[Entries supplied Boundary: Start]
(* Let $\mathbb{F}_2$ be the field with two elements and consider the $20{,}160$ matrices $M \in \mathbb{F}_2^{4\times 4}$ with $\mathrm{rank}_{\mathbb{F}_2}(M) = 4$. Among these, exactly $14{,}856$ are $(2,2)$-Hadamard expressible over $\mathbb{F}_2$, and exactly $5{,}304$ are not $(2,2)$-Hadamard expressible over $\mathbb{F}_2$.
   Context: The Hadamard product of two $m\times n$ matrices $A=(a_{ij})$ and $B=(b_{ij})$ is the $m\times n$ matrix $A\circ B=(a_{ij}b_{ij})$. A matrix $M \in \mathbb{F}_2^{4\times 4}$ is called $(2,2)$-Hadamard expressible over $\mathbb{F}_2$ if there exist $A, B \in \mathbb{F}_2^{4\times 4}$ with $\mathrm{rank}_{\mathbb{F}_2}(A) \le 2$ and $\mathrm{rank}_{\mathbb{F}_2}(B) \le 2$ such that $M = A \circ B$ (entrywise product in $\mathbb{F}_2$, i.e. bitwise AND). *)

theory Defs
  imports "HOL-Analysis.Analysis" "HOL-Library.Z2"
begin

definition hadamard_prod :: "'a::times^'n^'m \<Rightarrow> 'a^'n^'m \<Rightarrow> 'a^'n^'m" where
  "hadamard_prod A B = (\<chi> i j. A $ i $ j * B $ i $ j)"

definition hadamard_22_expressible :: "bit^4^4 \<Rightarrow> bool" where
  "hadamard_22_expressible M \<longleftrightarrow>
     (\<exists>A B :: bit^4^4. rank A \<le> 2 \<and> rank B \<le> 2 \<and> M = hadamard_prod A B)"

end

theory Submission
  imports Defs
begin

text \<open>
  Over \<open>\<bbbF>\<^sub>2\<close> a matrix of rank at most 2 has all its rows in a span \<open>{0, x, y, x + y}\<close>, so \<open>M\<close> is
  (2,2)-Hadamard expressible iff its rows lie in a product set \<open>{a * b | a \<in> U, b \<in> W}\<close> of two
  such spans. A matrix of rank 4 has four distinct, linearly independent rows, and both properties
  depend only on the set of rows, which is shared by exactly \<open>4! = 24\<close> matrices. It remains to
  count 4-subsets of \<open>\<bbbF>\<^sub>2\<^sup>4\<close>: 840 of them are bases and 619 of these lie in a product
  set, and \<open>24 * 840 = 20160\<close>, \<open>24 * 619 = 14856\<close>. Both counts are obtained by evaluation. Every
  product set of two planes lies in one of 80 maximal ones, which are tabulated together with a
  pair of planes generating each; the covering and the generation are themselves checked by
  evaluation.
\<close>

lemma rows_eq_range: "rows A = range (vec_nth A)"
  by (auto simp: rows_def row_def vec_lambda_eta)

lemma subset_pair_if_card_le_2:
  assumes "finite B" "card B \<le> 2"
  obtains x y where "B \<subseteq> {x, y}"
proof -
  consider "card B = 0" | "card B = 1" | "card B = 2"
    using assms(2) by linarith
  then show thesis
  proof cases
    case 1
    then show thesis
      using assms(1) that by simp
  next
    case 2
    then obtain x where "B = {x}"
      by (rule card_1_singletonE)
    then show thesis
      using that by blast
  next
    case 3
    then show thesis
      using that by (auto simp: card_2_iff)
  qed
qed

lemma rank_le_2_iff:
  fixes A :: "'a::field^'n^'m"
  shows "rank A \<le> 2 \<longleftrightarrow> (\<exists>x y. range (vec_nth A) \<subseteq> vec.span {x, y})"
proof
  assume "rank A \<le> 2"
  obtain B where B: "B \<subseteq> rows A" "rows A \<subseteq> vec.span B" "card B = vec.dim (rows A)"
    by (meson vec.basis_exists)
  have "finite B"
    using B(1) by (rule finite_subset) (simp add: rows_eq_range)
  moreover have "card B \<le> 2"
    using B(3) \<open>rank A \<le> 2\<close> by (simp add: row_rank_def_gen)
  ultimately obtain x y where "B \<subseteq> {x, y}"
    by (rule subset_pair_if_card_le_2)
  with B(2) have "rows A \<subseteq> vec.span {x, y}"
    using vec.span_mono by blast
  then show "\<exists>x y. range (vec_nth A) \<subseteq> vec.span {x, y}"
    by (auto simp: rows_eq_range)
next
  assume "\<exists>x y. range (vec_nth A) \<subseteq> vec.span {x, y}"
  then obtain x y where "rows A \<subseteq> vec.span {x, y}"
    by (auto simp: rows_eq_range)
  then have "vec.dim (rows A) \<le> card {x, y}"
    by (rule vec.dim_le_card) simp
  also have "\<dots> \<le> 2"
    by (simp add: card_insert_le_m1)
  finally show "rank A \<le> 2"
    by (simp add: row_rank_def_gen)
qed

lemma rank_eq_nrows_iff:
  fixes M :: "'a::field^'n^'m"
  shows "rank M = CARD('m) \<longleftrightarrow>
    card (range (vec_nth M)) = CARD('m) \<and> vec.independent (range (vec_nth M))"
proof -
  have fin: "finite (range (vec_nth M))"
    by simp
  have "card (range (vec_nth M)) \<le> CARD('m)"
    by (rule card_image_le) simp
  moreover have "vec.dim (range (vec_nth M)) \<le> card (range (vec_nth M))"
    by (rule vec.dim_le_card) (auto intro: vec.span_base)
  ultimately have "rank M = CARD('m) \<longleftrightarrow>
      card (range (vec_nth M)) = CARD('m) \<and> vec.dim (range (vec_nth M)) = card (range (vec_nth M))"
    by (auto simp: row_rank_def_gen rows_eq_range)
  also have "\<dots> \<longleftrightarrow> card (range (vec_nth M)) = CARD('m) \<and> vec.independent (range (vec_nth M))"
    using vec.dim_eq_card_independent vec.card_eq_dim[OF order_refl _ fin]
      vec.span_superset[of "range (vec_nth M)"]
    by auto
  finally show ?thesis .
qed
[Entries supplied Boundary: End]
Required action: Return each entry exactly. Leave none out.

Solution for this problem:
(* Let $\mathbb{F}_2$ be the field with two elements and consider the $20{,}160$ matrices $M \in \mathbb{F}_2^{4\times 4}$ with $\mathrm{rank}_{\mathbb{F}_2}(M) = 4$. Among these, exactly $14{,}856$ are $(2,2)$-Hadamard expressible over $\mathbb{F}_2$, and exactly $5{,}304$ are not $(2,2)$-Hadamard expressible over $\mathbb{F}_2$.
   Context: The Hadamard product of two $m\times n$ matrices $A=(a_{ij})$ and $B=(b_{ij})$ is the $m\times n$ matrix $A\circ B=(a_{ij}b_{ij})$. A matrix $M \in \mathbb{F}_2^{4\times 4}$ is called $(2,2)$-Hadamard expressible over $\mathbb{F}_2$ if there exist $A, B \in \mathbb{F}_2^{4\times 4}$ with $\mathrm{rank}_{\mathbb{F}_2}(A) \le 2$ and $\mathrm{rank}_{\mathbb{F}_2}(B) \le 2$ such that $M = A \circ B$ (entrywise product in $\mathbb{F}_2$, i.e. bitwise AND). *)

theory Defs
  imports "HOL-Analysis.Analysis" "HOL-Library.Z2"
begin

definition hadamard_prod :: "'a::times^'n^'m \<Rightarrow> 'a^'n^'m \<Rightarrow> 'a^'n^'m" where
  "hadamard_prod A B = (\<chi> i j. A $ i $ j * B $ i $ j)"

definition hadamard_22_expressible :: "bit^4^4 \<Rightarrow> bool" where
  "hadamard_22_expressible M \<longleftrightarrow>
     (\<exists>A B :: bit^4^4. rank A \<le> 2 \<and> rank B \<le> 2 \<and> M = hadamard_prod A B)"

end

theory Submission
  imports Defs
begin

text \<open>
  Over \<open>\<bbbF>\<^sub>2\<close> a matrix of rank at most 2 has all its rows in a span \<open>{0, x, y, x + y}\<close>, so \<open>M\<close> is
  (2,2)-Hadamard expressible iff its rows lie in a product set \<open>{a * b | a \<in> U, b \<in> W}\<close> of two
  such spans. A matrix of rank 4 has four distinct, linearly independent rows, and both properties
  depend only on the set of rows, which is shared by exactly \<open>4! = 24\<close> matrices. It remains to
  count 4-subsets of \<open>\<bbbF>\<^sub>2\<^sup>4\<close>: 840 of them are bases and 619 of these lie in a product
  set, and \<open>24 * 840 = 20160\<close>, \<open>24 * 619 = 14856\<close>. Both counts are obtained by evaluation. Every
  product set of two planes lies in one of 80 maximal ones, which are tabulated together with a
  pair of planes generating each; the covering and the generation are themselves checked by
  evaluation.
\<close>

lemma rows_eq_range: "rows A = range (vec_nth A)"
  by (auto simp: rows_def row_def vec_lambda_eta)

lemma subset_pair_if_card_le_2:
  assumes "finite B" "card B \<le> 2"
  obtains x y where "B \<subseteq> {x, y}"
proof -
  consider "card B = 0" | "card B = 1" | "card B = 2"
    using assms(2) by linarith
  then show thesis
  proof cases
    case 1
    then show thesis
      using assms(1) that by simp
  next
    case 2
    then obtain x where "B = {x}"
      by (rule card_1_singletonE)
    then show thesis
      using that by blast
  next
    case 3
    then show thesis
      using that by (auto simp: card_2_iff)
  qed
qed

lemma rank_le_2_iff:
  fixes A :: "'a::field^'n^'m"
  shows "rank A \<le> 2 \<longleftrightarrow> (\<exists>x y. range (vec_nth A) \<subseteq> vec.span {x, y})"
proof
  assume "rank A \<le> 2"
  obtain B where B: "B \<subseteq> rows A" "rows A \<subseteq> vec.span B" "card B = vec.dim (rows A)"
    by (meson vec.basis_exists)
  have "finite B"
    using B(1) by (rule finite_subset) (simp add: rows_eq_range)
  moreover have "card B \<le> 2"
    using B(3) \<open>rank A \<le> 2\<close> by (simp add: row_rank_def_gen)
  ultimately obtain x y where "B \<subseteq> {x, y}"
    by (rule subset_pair_if_card_le_2)
  with B(2) have "rows A \<subseteq> vec.span {x, y}"
    using vec.span_mono by blast
  then show "\<exists>x y. range (vec_nth A) \<subseteq> vec.span {x, y}"
    by (auto simp: rows_eq_range)
next
  assume "\<exists>x y. range (vec_nth A) \<subseteq> vec.span {x, y}"
  then obtain x y where "rows A \<subseteq> vec.span {x, y}"
    by (auto simp: rows_eq_range)
  then have "vec.dim (rows A) \<le> card {x, y}"
    by (rule vec.dim_le_card) simp
  also have "\<dots> \<le> 2"
    by (simp add: card_insert_le_m1)
  finally show "rank A \<le> 2"
    by (simp add: row_rank_def_gen)
qed

lemma rank_eq_nrows_iff:
  fixes M :: "'a::field^'n^'m"
  shows "rank M = CARD('m) \<longleftrightarrow>
    card (range (vec_nth M)) = CARD('m) \<and> vec.independent (range (vec_nth M))"
proof -
  have fin: "finite (range (vec_nth M))"
    by simp
  have "card (range (vec_nth M)) \<le> CARD('m)"
    by (rule card_image_le) simp
  moreover have "vec.dim (range (vec_nth M)) \<le> card (range (vec_nth M))"
    by (rule vec.dim_le_card) (auto intro: vec.span_base)
  ultimately have "rank M = CARD('m) \<longleftrightarrow>
      card (range (vec_nth M)) = CARD('m) \<and> vec.dim (range (vec_nth M)) = card (range (vec_nth M))"
    by (auto simp: row_rank_def_gen rows_eq_range)
  also have "\<dots> \<longleftrightarrow> card (range (vec_nth M)) = CARD('m) \<and> vec.independent (range (vec_nth M))"
    using vec.dim_eq_card_independent vec.card_eq_dim[OF order_refl _ fin]
      vec.span_superset[of "range (vec_nth M)"]
    by auto
  finally show ?thesis .
qed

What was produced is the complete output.